Dark River

by Rembrandt Ramilo

It was late,past ten in the evening,I was not sleepy yet,so I went outside the house for a break.

After a short walk,not very far,I reached the bridge over a calm, silent and dark river. I spent a little time there.
At that hour of the night,seldom people or any kind of car will cross it.

Almost at midpoint,standing on one side of the bridge, I looked into the last stretch of the river, its line rising northeast to its mouth to the lake. At the end of it was a halftone-white streamerlike outline of the mountain ridge. Laterally down below it, were a number of iridescent lights- white, tawny and gold, possibly radiating from some houses at the foot of the mountain.

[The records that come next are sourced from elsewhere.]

(* If an $(M,d_s,d_x,\epsilon)$ code exists, then \[\epsilon\ge\inf_{P_{ZY|X}}\ \sup_{P_{\bar X|\bar Z\bar Y}}\ \sup_{\gamma\ge0}\Big\{\mathbb P\big[f_{\bar X|\bar Z\bar Y}(S,X,Z,Y)\ge\gamma\big]-\exp(-\gamma)\Big\},\] where the infimum is over conditional distributions $P_{ZY|X}:\mathcal X\to\widehat{\mathcal S}\times\widehat{\mathcal X}$, $(S,X,Z,Y)\sim P_{SX}P_{ZY|X}$, the middle supremum is over conditional distributions $P_{\bar X|\bar Z\bar Y}:\widehat{\mathcal S}\times\widehat{\mathcal X}\to\mathcal X$ such that the Radon–Nikodym derivative of $P_{\bar X|\bar Z=z,\bar Y=y}$ with respect to $P_X$ at $x$ exists for $P_{ZY|X}P_X$-a.e. $(z,y,x)$, and \[f_{\bar X|\bar Z\bar Y}(s,x,z,y)=\log\frac{\mathrm dP_{\bar X|\bar Z=z,\bar Y=y}}{\mathrm dP_X}(x)+\sup_{\lambda_s\ge0}\lambda_s(\mathsf d_s(s,z)-d_s)+\sup_{\lambda_x\ge0}\lambda_x(\mathsf d_x(x,y)-d_x)-\log M.\]
   Context: Let $\mathcal S,\mathcal X,\widehat{\mathcal S},\widehat{\mathcal X}$ be finite sets, $P_{SX}$ a distribution on $\mathcal S\times\mathcal X$, and $\mathsf d_s:\mathcal S\times\widehat{\mathcal S}\to[0,\infty)$, $\mathsf d_x:\mathcal X\times\widehat{\mathcal X}\to[0,\infty)$ distortion measures; fix $d_s,d_x\ge0$. An $(M,d_s,d_x,\epsilon)$ code is a random encoder $P_{U|X}:\mathcal X\to\{1,\dots,M\}$ and a random decoder $P_{ZY|U}:\{1,\dots,M\}\to\widehat{\mathcal S}\times\widehat{\mathcal X}$ (so $S-X-U-(Z,Y)$) such that $\mathbb P[\mathsf d_s(S,Z)>d_s\text{ or }\mathsf d_x(X,Y)>d_x]\le\epsilon$. $\log$ and $\exp$ are to a common base. *)

theory Defs
  imports "HOL-Probability.Probability"
begin

definition elog :: "real \<Rightarrow> ennreal \<Rightarrow> ereal" where
  "elog b r = (if r = 0 then -\<infinity> else if r = \<infinity> then \<infinity> else ereal (log b (enn2real r)))"

definition is_code ::
  "('s \<times> 'x) pmf \<Rightarrow> ('s \<Rightarrow> 'zs \<Rightarrow> real) \<Rightarrow> ('x \<Rightarrow> 'yx \<Rightarrow> real) \<Rightarrow>
   nat \<Rightarrow> real \<Rightarrow> real \<Rightarrow> real \<Rightarrow> ('x \<Rightarrow> nat pmf) \<Rightarrow> (nat \<Rightarrow> ('zs \<times> 'yx) pmf) \<Rightarrow> bool" where
  "is_code PSX ds dx M Ds Dx eps enc dec \<longleftrightarrow>
     (\<forall>x. set_pmf (enc x) \<subseteq> {1..M}) \<and>
     measure_pmf.prob
       (do { (s, x) \<leftarrow> PSX; u \<leftarrow> enc x; (z, y) \<leftarrow> dec u; return_pmf (s, x, z, y) })
       {(s, x, z, y). ds s z > Ds \<or> dx x y > Dx} \<le> eps"

definition joint_SXZY :: "('s \<times> 'x) pmf \<Rightarrow> ('x \<Rightarrow> ('zs \<times> 'yx) pmf) \<Rightarrow> ('s \<times> 'x \<times> 'zs \<times> 'yx) pmf" where
  "joint_SXZY PSX K = do { (s, x) \<leftarrow> PSX; (z, y) \<leftarrow> K x; return_pmf (s, x, z, y) }"

text \<open>Admissible backward channels: the Radon-Nikodym derivative of P_{Xbar|Zbar=z,Ybar=y}
  w.r.t. P_X exists (absolute continuity) for P_{ZY|X} P_X - a.e. (z,y,x).\<close>
definition admissible_back ::
  "'x pmf \<Rightarrow> ('x \<Rightarrow> ('zs \<times> 'yx) pmf) \<Rightarrow> ('zs \<times> 'yx \<Rightarrow> 'x pmf) \<Rightarrow> bool" where
  "admissible_back PX K Q \<longleftrightarrow>
     (\<forall>x z y. pmf PX x * pmf (K x) (z, y) > 0 \<longrightarrow>
        absolutely_continuous (measure_pmf PX) (measure_pmf (Q (z, y))))"

definition f_info ::
  "real \<Rightarrow> 'x pmf \<Rightarrow> ('zs \<times> 'yx \<Rightarrow> 'x pmf) \<Rightarrow> ('s \<Rightarrow> 'zs \<Rightarrow> real) \<Rightarrow> ('x \<Rightarrow> 'yx \<Rightarrow> real) \<Rightarrow>
   nat \<Rightarrow> real \<Rightarrow> real \<Rightarrow> 's \<Rightarrow> 'x \<Rightarrow> 'zs \<Rightarrow> 'yx \<Rightarrow> ereal" where
  "f_info b PX Q ds dx M Ds Dx s x z y =
     elog b (RN_deriv (measure_pmf PX) (measure_pmf (Q (z, y))) x)
     + (SUP ls\<in>{0::real..}. ereal (ls * (ds s z - Ds)))
     + (SUP lx\<in>{0::real..}. ereal (lx * (dx x y - Dx)))
     - ereal (log b (real M))"

end

theory Submission
  imports Defs
begin

text \<open>
  Evaluate the infimum at the channel \<open>K x = enc x \<bind> dec\<close> realised by the code. Off the
  excess-distortion event (probability at most \<open>eps\<close>) both penalty suprema in \<open>f_info\<close> vanish,
  so \<open>f_info \<ge> \<gamma>\<close> forces \<open>Q (z, y) x \<ge> M b powr \<gamma> P x\<close>. By this change of measure the
  probability of that event is at most \<open>b powr -\<gamma> / M\<close> times the sum of \<open>K x (z, y) Q (z, y) x\<close>
  over all \<open>x, z, y\<close>, and that sum is at most \<open>M\<close> because \<open>K x (z, y)\<close> is bounded by the sum of
  \<open>dec u (z, y)\<close> over the \<open>M\<close> messages \<open>u\<close>.
\<close>

lemma SUP_nonneg_mult_nonpos_eq_0:
  fixes c :: real
  assumes "c \<le> 0"
  shows "(SUP l\<in>{0::real..}. ereal (l * c)) = 0"
proof (rule antisym)
  show "(SUP l\<in>{0::real..}. ereal (l * c)) \<le> 0"
    by (rule SUP_least) (use assms in \<open>auto simp: mult_nonneg_nonpos\<close>)
  have "ereal (0 * c) \<le> (SUP l\<in>{0::real..}. ereal (l * c))"
    by (rule SUP_upper) auto
  then show "0 \<le> (SUP l\<in>{0::real..}. ereal (l * c))"
    by (simp add: zero_ereal_def)
qed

Because of the darkness of the night, I could hardly see the water near below the bridge,except for few spaces in line with the shafts of riverside lights.There in the surface, the centrifugal concentric circles in constant motion as if showered by the falling of numberless minuscule drips by an invisible persevering drizzle.

The beautiful night sky was governed by the crescent convex underside-edged moon,appearing like a luculent stationary golden boat suspended in the air,sailing over the waves of white and black clouds slowly moving beneath it.

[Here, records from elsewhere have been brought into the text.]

text \<open>Edges changing the first coordinate a (these leave the "a-move" vertices).
  In D1 \<ltimes> D2 these leave even levels (|a| = |b|), in D1 \<rtimes> D2 odd levels (|b| = |a|+1).\<close>
definition pEa :: "bool \<Rightarrow> 'a dgraph \<Rightarrow> 'b dgraph \<Rightarrow> (('a \<times> 'b) \<times> ('a \<times> 'b)) set" where
  "pEa lt D1 D2 = {((a,b), (dch D1 a k, b)) | a b k. (a,b) \<in> pvert lt D1 D2 \<and> k \<in> {1,2} \<and>
      (if lt then dlen D1 a = dlen D2 b else dlen D2 b = dlen D1 a + 1)}"

definition pEb :: "bool \<Rightarrow> 'a dgraph \<Rightarrow> 'b dgraph \<Rightarrow> nat \<Rightarrow> (('a \<times> 'b) \<times> ('a \<times> 'b)) set" where
  "pEb lt D1 D2 k = {((a,b), (a, dch D2 b k)) | a b. (a,b) \<in> pvert lt D1 D2 \<and> k \<in> {1,2} \<and>
      (if lt then dlen D1 a = dlen D2 b + 1 else dlen D1 a = dlen D2 b)}"

definition pedges :: "bool \<Rightarrow> 'a dgraph \<Rightarrow> 'b dgraph \<Rightarrow> (('a \<times> 'b) \<times> ('a \<times> 'b)) set" where
  "pedges lt D1 D2 = pEa lt D1 D2 \<union> pEb lt D1 D2 1 \<union> pEb lt D1 D2 2"

record 'v game =
  gV :: "'v set"
  groot :: 'v
  gOut :: "'v set"
  gAlice :: "'v set"
  gBob :: "'v set"
  gE :: "('v \<times> 'v) set"
  gA :: "('v \<times> 'v) set"
  gB :: "nat \<Rightarrow> ('v \<times> 'v) set"

text \<open>The game-graph obtained by restricting the product (lt selects \<ltimes> / \<rtimes>) to levels
  at most n; primed = False gives G_n (Alice moves at even levels), primed = True gives G'_n
  (Alice moves at odd levels).\<close>
definition mkgame :: "bool \<Rightarrow> bool \<Rightarrow> 'a dgraph \<Rightarrow> 'b dgraph \<Rightarrow> nat \<Rightarrow> ('a \<times> 'b) game" where
  "mkgame lt primed D1 D2 n =
    (let V = {v \<in> pvert lt D1 D2. plev D1 D2 v \<le> n};
         Al = {v \<in> V. plev D1 D2 v < n \<and> (even (plev D1 D2 v) \<longleftrightarrow> \<not> primed)};
         Bo = {v \<in> V. plev D1 D2 v < n \<and> (even (plev D1 D2 v) \<longleftrightarrow> primed)};
         E = {(u,w) \<in> pedges lt D1 D2. u \<in> V \<and> w \<in> V}
     in \<lparr>gV = V, groot = (droot D1, droot D2),
         gOut = {v \<in> V. plev D1 D2 v = n},
         gAlice = Al, gBob = Bo, gE = E,
         gA = {((a,b), (dch D1 a k, b)) | a b k. k \<in> {1,2} \<and> (a,b) \<in> Al \<and>
                 ((a,b), (dch D1 a k, b)) \<in> E},
         gB = (\<lambda>k. {((a,b), (a, dch D2 b k)) | a b. k \<in> {1,2} \<and> (a,b) \<in> Bo \<and>
                 ((a,b), (a, dch D2 b k)) \<in> E})\<rparr>)"

inductive_set reach :: "'v game \<Rightarrow> ('v \<Rightarrow> 'v) \<Rightarrow> 'v set" for G \<sigma> where
  root: "groot G \<in> reach G \<sigma>"
| alice: "v \<in> reach G \<sigma> \<Longrightarrow> v \<in> gAlice G \<Longrightarrow> \<sigma> v \<in> reach G \<sigma>"
| bob: "v \<in> reach G \<sigma> \<Longrightarrow> v \<in> gBob G \<Longrightarrow> (v, w) \<in> gE G \<Longrightarrow> w \<in> reach G \<sigma>"

definition alice_wins :: "'v game \<Rightarrow> ('v \<Rightarrow> nat) \<Rightarrow> bool" where
  "alice_wins G x \<longleftrightarrow> (\<exists>\<sigma>. (\<forall>v \<in> gAlice G. (v, \<sigma> v) \<in> gE G) \<and>
                          (\<forall>v \<in> reach G \<sigma>. v \<in> gOut G \<longrightarrow> x v = 0))"

datatype stype = SU | SD | LU | LD | RU | RD

definition is_up :: "stype \<Rightarrow> bool" where
  "is_up t \<longleftrightarrow> t \<in> {SU, LU, RU}"

definition is_down :: "stype \<Rightarrow> bool" where
  "is_down t \<longleftrightarrow> t \<in> {SD, LD, RD}"

fun steptype :: "'v game \<Rightarrow> 'v \<Rightarrow> 'v \<Rightarrow> stype \<Rightarrow> bool" where
  "steptype G u w SU \<longleftrightarrow> (u, w) \<in> gA G"
| "steptype G u w SD \<longleftrightarrow> (w, u) \<in> gA G"
| "steptype G u w LU \<longleftrightarrow> (u, w) \<in> gB G 2"
| "steptype G u w LD \<longleftrightarrow> (w, u) \<in> gB G 1"
| "steptype G u w RU \<longleftrightarrow> (u, w) \<in> gB G 1"
| "steptype G u w RD \<longleftrightarrow> (w, u) \<in> gB G 2"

The moon in the ocean of the entire firmament,bestrewed by myriad of glittering stars,in threes,sometimes in straight lines,others with vertices or right angles. If I had a pen and paper then and was able to draw lines through them, I could have drafted some hexagons or polyhedrons and other non-Eucledian geometries.

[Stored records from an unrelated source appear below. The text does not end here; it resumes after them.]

text \<open>The only data-dependent quantity in a round of the mechanism is the score \<open>d(Z, z\<^sub>p\<^sub>u\<^sub>b)\<close>,
  and adding one prompt to the dataset changes it by at most \<open>\<Delta> = 1/s\<close>. Compare the run on \<open>D\<close> with
  noisy threshold \<open>t\<close> to the run on a neighbour \<open>D'\<close> with threshold \<open>t + \<Delta>\<close>: every non-halting round
  is at least as likely for \<open>D'\<close>, the halting round loses at most a factor \<open>exp (\<Delta>/\<sigma>)\<close> of the
  \<open>Laplace(2\<sigma>)\<close> tail, and moving the \<open>Laplace(\<sigma>)\<close> threshold costs another \<open>exp (\<Delta>/\<sigma>)\<close>. So every
  output has probability ratio at most \<open>e\<^sup>\<epsilon>\<close> with \<open>\<epsilon> = 2/(s\<sigma>)\<close>, i.e. the mechanism is pure \<open>\<epsilon>\<close>-DP,
  and pure \<open>\<epsilon>\<close>-DP implies \<open>\<epsilon>\<^sup>2/2\<close>-zCDP: bounding \<open>w\<^sup>\<alpha>\<close> by its secant on \<open>[e\<^sup>-\<^sup>\<epsilon>, e\<^sup>\<epsilon>]\<close> gives
  \<open>\<Sum> p\<^sup>\<alpha> q\<^sup>1\<^sup>-\<^sup>\<alpha> \<le> cosh ((\<alpha> - 1/2)\<epsilon>) / cosh (\<epsilon>/2) \<le> exp (\<alpha>(\<alpha> - 1)\<epsilon>\<^sup>2/2)\<close>.\<close>

section \<open>The Laplace distribution\<close>

definition laplace_density :: "real \<Rightarrow> real \<Rightarrow> real \<Rightarrow> real" where
  "laplace_density \<mu> b x = exp (- \<bar>x - \<mu>\<bar> / b) / (2 * b)"

lemma borel_measurable_laplace_density [measurable]: "laplace_density \<mu> b \<in> borel_measurable borel"
  unfolding laplace_density_def[abs_def] by measurable

lemma laplace_density_nonneg: "b > 0 \<Longrightarrow> laplace_density \<mu> b x \<ge> 0"
  by (simp add: laplace_density_def)

lemma laplace_measure_eq_density:
  "laplace_measure \<mu> b = density lborel (\<lambda>x. ennreal (laplace_density \<mu> b x))"
  by (simp add: laplace_measure_def laplace_density_def)

lemma sets_laplace_measure [measurable_cong]: "sets (laplace_measure \<mu> b) = sets borel"
  by (simp add: laplace_measure_def)

lemma prob_space_laplace_measure:
  assumes b: "b > 0"
  shows "prob_space (laplace_measure \<mu> b)"
proof
  let ?e = "exponential_density (1 / b)"
  have e_integral: "(\<integral>\<^sup>+x. ?e x \<partial>lborel) = 1"
  proof -
    interpret prob_space "density lborel ?e"
      by (rule prob_space_exponential_density) (use b in simp)
    show ?thesis
      using emeasure_space_1 by (simp add: emeasure_density)
  qed
  \<comment> \<open>two mirrored exponential densities, overlapping only at \<open>\<mu>\<close>\<close>
  have density_split: "ennreal (laplace_density \<mu> b x)
      = ennreal (1 / 2) * (ennreal (?e (x - \<mu>)) + ennreal (?e (\<mu> - x)))" if "x \<noteq> \<mu>" for x
  proof -
    have "laplace_density \<mu> b x = 1 / 2 * (?e (x - \<mu>) + ?e (\<mu> - x))"
      using that b by (auto simp: laplace_density_def exponential_density_def abs_if field_simps)
    then show ?thesis
      using b by (simp only:) (subst ennreal_mult; simp add: exponential_density_nonneg)
  qed
  have "emeasure (laplace_measure \<mu> b) (space (laplace_measure \<mu> b))
      = (\<integral>\<^sup>+x. ennreal (laplace_density \<mu> b x) \<partial>lborel)"
    by (simp add: laplace_measure_eq_density emeasure_density)
  also have "\<dots> = (\<integral>\<^sup>+x. ennreal (1 / 2) * (ennreal (?e (x - \<mu>)) + ennreal (?e (\<mu> - x))) \<partial>lborel)"
    by (rule nn_integral_cong_AE, rule eventually_mono[OF AE_lborel_singleton[of \<mu>]]) (rule density_split)
  also have "\<dots> = ennreal (1 / 2) * ((\<integral>\<^sup>+x. ?e (x - \<mu>) \<partial>lborel) + (\<integral>\<^sup>+x. ?e (\<mu> - x) \<partial>lborel))"
    by (simp add: nn_integral_cmult nn_integral_add)
  also have "(\<integral>\<^sup>+x. ?e (x - \<mu>) \<partial>lborel) = 1"
    using nn_integral_real_affine[of "\<lambda>x. ennreal (?e (x - \<mu>))" 1 \<mu>] e_integral by simp
  also have "(\<integral>\<^sup>+x. ?e (\<mu> - x) \<partial>lborel) = 1"
    using nn_integral_real_affine[of "\<lambda>x. ennreal (?e (\<mu> - x))" "-1" \<mu>] e_integral by simp
  also have "ennreal (1 / 2) * (1 + 1) = 1"
    by (simp only: ennreal_1[symmetric] ennreal_plus[symmetric] ennreal_mult[symmetric]) simp_all
  finally show "emeasure (laplace_measure \<mu> b) (space (laplace_measure \<mu> b)) = 1" .
qed

lemma emeasure_laplace_measure:
  "emeasure (laplace_measure \<mu> b) A = (\<integral>\<^sup>+x. ennreal (laplace_density \<mu> b x) * indicator A x \<partial>lborel)"
  if "A \<in> sets borel"
  using that by (simp add: laplace_measure_eq_density emeasure_density)

lemma laplace_density_le_shift:
  assumes "b > 0"
  shows "laplace_density \<mu> b x \<le> exp (\<bar>d\<bar> / b) * laplace_density \<mu> b (x + d)"
proof -
  have "- \<bar>x - \<mu>\<bar> / b \<le> \<bar>d\<bar> / b + - \<bar>x + d - \<mu>\<bar> / b"
    using assms by (simp add: field_simps)
  then have "exp (- \<bar>x - \<mu>\<bar> / b) \<le> exp (\<bar>d\<bar> / b) * exp (- \<bar>x + d - \<mu>\<bar> / b)"
    by (simp flip: exp_add)
  then show ?thesis
    using assms by (simp add: laplace_density_def divide_right_mono)
qed

lemma lap_ge_antimono:
  assumes "b > 0" "c \<le> c'"
  shows "lap_ge b c' \<le> lap_ge b c"
proof -
  interpret prob_space "laplace_measure 0 b"
    using assms(1) by (rule prob_space_laplace_measure)
  show ?thesis
    unfolding lap_ge_def using assms(2) by (intro finite_measure_mono) (auto simp: laplace_measure_def)
qed

lemma borel_measurable_lap_ge:
  assumes "b > 0"
  shows "(\<lambda>c. lap_ge b c) \<in> borel_measurable borel"
proof -
  have "mono (\<lambda>c. - lap_ge b c)"
    using assms by (auto intro!: monoI lap_ge_antimono)
  then have "(\<lambda>c. - (- lap_ge b c)) \<in> borel_measurable borel"
    by (intro borel_measurable_uminus borel_measurable_mono)
  then show ?thesis by simp
qed

lemma lap_ge_le_1: "b > 0 \<Longrightarrow> lap_ge b c \<le> 1"
  unfolding lap_ge_def by (rule prob_space.prob_le_1[OF prob_space_laplace_measure])

lemma lap_ge_pos:
  assumes b: "b > 0"
  shows "lap_ge b c > 0"
proof -
  interpret prob_space "laplace_measure 0 b"
    using b by (rule prob_space_laplace_measure)
  have "emeasure (laplace_measure 0 b) {c..} \<noteq> 0"
  proof
    assume "emeasure (laplace_measure 0 b) {c..} = 0"
    then have "AE x in lborel. ennreal (laplace_density 0 b x) * indicator {c..} x = 0"
      by (simp add: emeasure_laplace_measure nn_integral_0_iff_AE)
    then have "AE x in lborel. x \<notin> {c..c + 1}"
      by eventually_elim (use b in \<open>auto simp: laplace_density_def indicator_def\<close>)
    then have "emeasure lborel {c..c + 1} = 0"
      by (rule AE_iff_measurable[THEN iffD1, rotated 2]) auto
    then show False by simp
  qed
  then show ?thesis
    by (simp add: lap_ge_def emeasure_eq_measure zero_less_measure_iff)
qed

From the east high above the mountain, a fleck of golden light slowly moving toward the west moon. Even airplanes chose to travel and experience the wondrous spectacle of the night.

We have always appreciated places or views under the light of the day, yet I say nature can also be beautiful at night.

I’m not sure if this river is that fascinating during day time, but at that hour of the night, though dark and cold and steady,has given me a unique satisfaction and intellectual abstraction of life and has shown congruence to the celestial nocturne of nature.

Maybe it was time to go back home then, in a short while that airplane I saw could have been very close to the moon.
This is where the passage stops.